■ Instructions for the task ■
Return the lines below that contain "notin".

■ Given data ■

lemma tint_kernel_mult_tomogram:
  assumes "m \<in> {-1/2, 1/2}"
  shows "tint (\<lambda>m' \<alpha>' \<beta>'. of_real (kernel a m \<alpha> \<beta> m' \<alpha>' \<beta>') * tomogram \<rho> m' \<alpha>' \<beta>')
    = tomogram (pauli a ** \<rho> ** pauli a) m \<alpha> \<beta>"
proof -
  have "tint (\<lambda>m' \<alpha>' \<beta>'. of_real (kernel a m \<alpha> \<beta> m' \<alpha>' \<beta>') * tomogram \<rho> m' \<alpha>' \<beta>')
      = (\<Sum>m'\<in>{-1/2, 1/2}. if m' = m then tomogram (pauli a ** \<rho> ** pauli a) m \<alpha> \<beta> else 0)"
    unfolding tint_def
  proof (rule sum.cong)
    fix m'
    show "of_real (1 / (2 * pi)) * integral {0..2*pi} (\<lambda>\<alpha>'. integral {0..pi} (\<lambda>\<beta>'.
          of_real (kernel a m \<alpha> \<beta> m' \<alpha>' \<beta>') * tomogram \<rho> m' \<alpha>' \<beta>' * of_real (sin \<beta>')))
        = (if m' = m then tomogram (pauli a ** \<rho> ** pauli a) m \<alpha> \<beta> else 0)"
    proof (cases "m' = m")
      case True
      then show ?thesis by (simp only: integral_kernel_mult_tomogram) simp
    qed (simp add: kernel_def kdelta_def)
  qed simp
  also have "\<dots> = tomogram (pauli a ** \<rho> ** pauli a) m \<alpha> \<beta>"
    using assms by simp
  finally show ?thesis .
qed

theorem proposition3:
  fixes a :: pauli_axis and w :: "real \<Rightarrow> real \<Rightarrow> real \<Rightarrow> complex"
    and m \<alpha> \<beta> :: real
  assumes "w \<in> tomograms"
    and "m \<in> {-1/2, 1/2}" and "\<alpha> \<in> {0..2*pi}" and "\<beta> \<in> {0..pi}"
  shows "Sigma_breve a w m \<alpha> \<beta> =
         tint (\<lambda>m' \<alpha>' \<beta>'. complex_of_real (kernel a m \<alpha> \<beta> m' \<alpha>' \<beta>') * w m' \<alpha>' \<beta>')"
proof -
  define \<rho> where "\<rho> = (SOME \<rho>. qubit_state \<rho> \<and> tomogram \<rho> = w)"
  have "\<exists>\<rho>. qubit_state \<rho> \<and> tomogram \<rho> = w"
    using assms(1) unfolding tomograms_def by blast
  then have w: "w = tomogram \<rho>"
    unfolding \<rho>_def by (metis (mono_tags, lifting) someI_ex)
  show ?thesis
    unfolding Sigma_breve_def \<rho>_def[symmetric]
    using tint_kernel_mult_tomogram[OF assms(2)] by (simp add: w)
qed

end
lemma power_graph_P_adjacent:
  assumes "2 \<le> n" "p < gm n" "p \<noteq> 0" "(p, v) \<in> power_graph_edges n"
  shows "v < gm n"
  using power_graph_H_adjacent[OF assms(1) _ power_graph_edges_sym[OF assms(4)]] assms(3)
  by (metis not_le)

lemma power_graph_non_neighbour:
  assumes "2 \<le> n" "u \<in> carrierG n" "u \<noteq> 0"
  shows "\<exists>w\<in>carrierG n. w \<noteq> u \<and> (u, w) \<notin> power_graph_edges n"
proof -
  define w where "w = (if u = gm n then gm n + 1 else gm n)"
  have w: "w \<in> carrierG n" "w \<noteq> u" "gm n \<le> w"
    using carrierG_eq[of n] gm_ge_2[OF assms(1)] assms(1) by (auto simp: w_def)
  moreover have "(u, w) \<notin> power_graph_edges n"
  proof
    assume "(u, w) \<in> power_graph_edges n"
    then have "(w, u) \<in> power_graph_edges n" by (rule power_graph_edges_sym)
    then have "u = 0" by (rule power_graph_H_adjacent[OF assms(1) w(3)])
    with assms(3) show False by simp
  qed
  ultimately show ?thesis by blast
qed

lemma power_graph_unique_universal_vertex:
  assumes "2 \<le> n"
  shows "unique_universal_vertex (carrierG n) (power_graph_edges n) 0"
proof
  show "finite (carrierG n)" "0 \<in> carrierG n" by (simp_all add: carrierG_def)
qed (use assms power_graph_zero_adjacent power_graph_non_neighbour in blast)+

lemma gdeg_power_graph_less:
  assumes "2 \<le> n" "x \<in> carrierG n" "x \<noteq> 0"
  shows "gdeg (carrierG n) (power_graph_edges n) x < gm n"
proof (cases "x < gm n")
  case True
  have "{w \<in> carrierG n. (x, w) \<in> power_graph_edges n} \<subseteq> {0..<gm n} - {x}"
    using power_graph_P_adjacent[OF assms(1) True assms(3)] power_graph_edgesD by auto
  then have "gdeg (carrierG n) (power_graph_edges n) x \<le> card ({0..<gm n} - {x})"
    unfolding gdeg_def by (intro card_mono) auto
  then show ?thesis using True by simp
next
  case False
  then have "gm n \<le> x" by simp
  then have "{w \<in> carrierG n. (x, w) \<in> power_graph_edges n} \<subseteq> {0}"
    using power_graph_H_adjacent[OF assms(1)] by blast
  then have "gdeg (carrierG n) (power_graph_edges n) x \<le> 1"
    unfolding gdeg_def using card_mono[of "{0::nat}"] by fastforce
  then show ?thesis using gm_ge_2[OF assms(1)] by simp
qed

lemma power_graph_degree_sum_less:
  assumes "2 \<le> n" "u \<in> carrierG n" "v \<in> carrierG n" "u \<noteq> v"
    "(u, v) \<notin> power_graph_edges n"
  shows "gdeg (carrierG n) (power_graph_edges n) u + gdeg (carrierG n) (power_graph_edges n) v
      < card (carrierG n)"
proof -
  interpret unique_universal_vertex "carrierG n" "power_graph_edges n" 0
    using power_graph_unique_universal_vertex[OF assms(1)] .
  have "u \<noteq> 0" "v \<noteq> 0" using non_adjacent_ne_z assms(2-5) by blast+
  then have "gdeg (carrierG n) (power_graph_edges n) u < gm n"
    "gdeg (carrierG n) (power_graph_edges n) v < gm n"
    using gdeg_power_graph_less[OF assms(1)] assms(2,3) by blast+
  moreover have "card (carrierG n) = 2 * gm n" using carrierG_eq assms(1) by simp
  ultimately show ?thesis by linarith
qed

theorem mainTheorem12:
  fixes n :: nat
  assumes "n \<ge> 3"
  shows "Int_graph (carrierG n) (power_graph_edges n) = Ce (carrierG n) (power_graph_edges n)
       \<and> (\<forall>F. is_closure (carrierG n) (power_graph_edges n) F \<longrightarrow> F = power_graph_edges n)"
proof
  have n: "2 \<le> n" using assms by simp
  interpret unique_universal_vertex "carrierG n" "power_graph_edges n" 0
    using power_graph_unique_universal_vertex[OF n] .
  show "Int_graph (carrierG n) (power_graph_edges n) = Ce (carrierG n) (power_graph_edges n)"
    unfolding Int_graph_def Ce_def interior_vertices_eq center_vertices_eq ..
  show "\<forall>F. is_closure (carrierG n) (power_graph_edges n) F \<longrightarrow> F = power_graph_edges n"
    using is_closure_eq_self_if_degree_sums_lt[OF power_graph_degree_sum_less[OF n]] by blast
qed

end
lemma bit_changes_half:
  "bit_changes n = (if odd (n div 2) \<noteq> odd n then {1} else {}) \<union> Suc ` bit_changes (n div 2)"
proof (rule set_eqI)
  fix i
  show "i \<in> bit_changes n \<longleftrightarrow> i \<in> (if odd (n div 2) \<noteq> odd n then {1} else {}) \<union> Suc ` bit_changes (n div 2)"
    by (cases i; cases "i - 1")
      (auto simp: Suc_mem_bit_changes bit_Suc bit_0 bit_changes_def image_iff)
qed

lemma Suc_mem_dist_jumps:
  "Suc i \<in> dist_jumps n \<longleftrightarrow> pow2_dist (Suc i) n < pow2_dist (Suc (Suc i)) n"
  by (simp add: dist_jumps_def)

lemma dist_jumps_double: "dist_jumps (2 * m) = (if odd m then {1} else {}) \<union> Suc ` dist_jumps m"
proof (rule set_eqI)
  fix i
  show "i \<in> dist_jumps (2 * m) \<longleftrightarrow> i \<in> (if odd m then {1} else {}) \<union> Suc ` dist_jumps m"
    by (cases i; cases "i - 1")
      (auto simp: Suc_mem_dist_jumps pow2_dist_double pow2_dist_Suc_0 dist_jumps_def image_iff odd_iff_mod_2_eq_one)
qed

lemma odd_mod_pow2_nonzero: "odd n \<Longrightarrow> n mod 2 ^ Suc j \<noteq> (0::nat)"
  by (metis dvd_mod_iff dvd_power even_zero zero_less_Suc)

lemma dist_jumps_odd: "dist_jumps (2 * m + 1) = Suc ` bit_changes m"
proof (rule set_eqI)
  fix i
  show "i \<in> dist_jumps (2 * m + 1) \<longleftrightarrow> i \<in> Suc ` bit_changes m"
    using odd_mod_pow2_nonzero [of "2 * m + 1"] by (cases i; cases "i - 1")
      (auto simp: Suc_mem_dist_jumps pow2_dist_less_Suc_iff Suc_mem_bit_changes
        bit_Suc bit_0 dist_jumps_def bit_changes_def image_iff)
qed

lemma finite_bit_changes: "finite (bit_changes n)"
proof (induction n rule: less_induct)
  case (less n)
  show ?case
  proof (cases "n = 0")
    case False
    then have "finite (bit_changes (n div 2))" by (intro less.IH) simp
    then show ?thesis by (subst bit_changes_half) simp
  qed simp
qed

lemma card_bit_changes_half:
  "card (bit_changes n) = card (bit_changes (n div 2)) + of_bool (odd (n div 2) \<noteq> odd n)"
proof -
  have "1 \<notin> Suc ` bit_changes (n div 2)"
    by (auto simp: bit_changes_def)
  then show ?thesis
    by (subst bit_changes_half) (simp add: card_image finite_bit_changes)
qed

lemma card_dist_jumps_odd: "card (dist_jumps (2 * m + 1)) = card (bit_changes m)"
  unfolding dist_jumps_odd by (simp add: card_image)

lemma dist_jumps_0 [simp]: "dist_jumps 0 = {}"
  by (simp add: dist_jumps_def pow2_dist_def)

lemma finite_dist_jumps: "finite (dist_jumps n)"
proof (induction n rule: less_induct)
  case (less n)
  show ?case
  proof (cases "n = 0")
    case False
    show ?thesis
    proof (cases "even n")
      case True
      then obtain m where "n = 2 * m" by blast
      with False less.IH [of m] show ?thesis
        by (simp add: dist_jumps_double)
    next
      case False
      then obtain m where "n = 2 * m + 1" by (blast elim: oddE)
      then have "dist_jumps n = Suc ` bit_changes m" by (simp only: dist_jumps_odd)
      then show ?thesis by (simp add: finite_bit_changes)
    qed
  qed simp
qed

lemma card_dist_jumps_double: "card (dist_jumps (2 * m)) = card (dist_jumps m) + of_bool (odd m)"
proof -
  have "1 \<notin> Suc ` dist_jumps m"
    by (auto simp: dist_jumps_def)
  then show ?thesis
    by (subst dist_jumps_double) (simp add: card_image finite_dist_jumps)
qed

lemma card_image_atLeastAtMost_mono:
  fixes f :: "nat \<Rightarrow> nat"
  assumes mono: "\<And>i. f i \<le> f (Suc i)"
  shows "card (f ` {a..a + K}) = Suc (card {i. a \<le> i \<and> i < a + K \<and> f i < f (Suc i)})"
proof (induction K)
  case 0
  then show ?case by simp
next
  case (Suc K)
  have image: "f ` {a..a + Suc K} = insert (f (Suc (a + K))) (f ` {a..a + K})"
    by (auto simp: atLeastAtMostSuc_conv)
  have jumps: "{i. a \<le> i \<and> i < a + Suc K \<and> f i < f (Suc i)} =
      {i. a \<le> i \<and> i < a + K \<and> f i < f (Suc i)} \<union> (if f (a + K) < f (Suc (a + K)) then {a + K} else {})"
    by (auto simp: less_Suc_eq)
  have below: "f i \<le> f (a + K)" if "i \<in> {a..a + K}" for i
    using lift_Suc_mono_le [of f, OF mono] that by simp
  show ?case
  proof (cases "f (a + K) < f (Suc (a + K))")
    case True
    then have "f (Suc (a + K)) \<notin> f ` {a..a + K}"
      using below by fastforce
    with True Suc.IH show ?thesis
      unfolding image jumps by simp
  next
    case False
    then have "f (Suc (a + K)) = f (a + K)"
      using mono [of "a + K"] by simp
    then have "f (Suc (a + K)) \<in> f ` {a..a + K}"
      by simp
    with False Suc.IH show ?thesis
      unfolding image jumps by (simp add: insert_absorb)
  qed
qed

lemma hc_dim_bounds:
  assumes "2 \<le> n"
  shows "1 \<le> hc_dim n" "n \<le> 2 ^ hc_dim n" "2 ^ (hc_dim n - 1) < n"
proof -
  let ?k = "hc_dim n"
  have "0 < log 2 (real n)"
    using assms by simp
  then have k: "int ?k = \<lceil>log 2 (real n)\<rceil>" "1 \<le> ?k"
    unfolding hc_dim_def by linarith+
  show "1 \<le> ?k" by (fact k(2))
  have "real n \<le> 2 ^ ?k"
    unfolding hc_dim_def by (rule power_of_nat_log_ge) simp
  then show "n \<le> 2 ^ ?k"
    by (metis of_nat_le_iff of_nat_numeral of_nat_power)
  have "real (?k - 1) < log 2 (real n)"
    using k by linarith
  then have "2 powr real (?k - 1) < real n"
    using assms by (simp add: less_log_iff)
  then show "2 ^ (?k - 1) < n"
    by (simp add: powr_realpow flip: of_nat_less_iff)
qed

lemma bit_count_pos_hc_dim:
  assumes "2 \<le> n" and "j < hc_dim n"
  shows "0 < bit_count n j"
proof -
  have "(2::nat) ^ j \<le> 2 ^ (hc_dim n - 1)"
    using assms(2) by (intro power_increasing) auto
  with hc_dim_bounds(3) [OF assms(1)] show ?thesis
    by (intro bit_count_pos) linarith
qed

lemma coord_eq_bit: "1 \<le> i \<Longrightarrow> i \<le> k \<Longrightarrow> coord k m i = of_bool (bit m (k - i))"
  by (simp add: coord_def beta_def nth_append bit_iff_odd mod2_eq_if del: upt_Suc)

lemma bex_atLeastAtMost_diff_iff: "(\<exists>i\<in>{1..k}. P (k - i)) \<longleftrightarrow> (\<exists>j<k. P (j::nat))"
proof
  assume "\<exists>i\<in>{1..k}. P (k - i)"
  then obtain i where "i \<in> {1..k}" "P (k - i)" by blast
  then show "\<exists>j<k. P j"
    by (intro exI [of _ "k - i"]) auto
next
  assume "\<exists>j<k. P j"
  then obtain j where "j < k" "P j" by blast
  then show "\<exists>i\<in>{1..k}. P (k - i)"
    by (intro bexI [of _ "k - j"]) auto
qed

■ The completed task ■
  shows "\<exists>w\<in>carrierG n. w \<noteq> u \<and> (u, w) \<notin> power_graph_edges n"
  moreover have "(u, w) \<notin> power_graph_edges n"
    "(u, v) \<notin> power_graph_edges n"
  have "1 \<notin> Suc ` bit_changes (n div 2)"
  have "1 \<notin> Suc ` dist_jumps m"
    then have "f (Suc (a + K)) \<notin> f ` {a..a + K}"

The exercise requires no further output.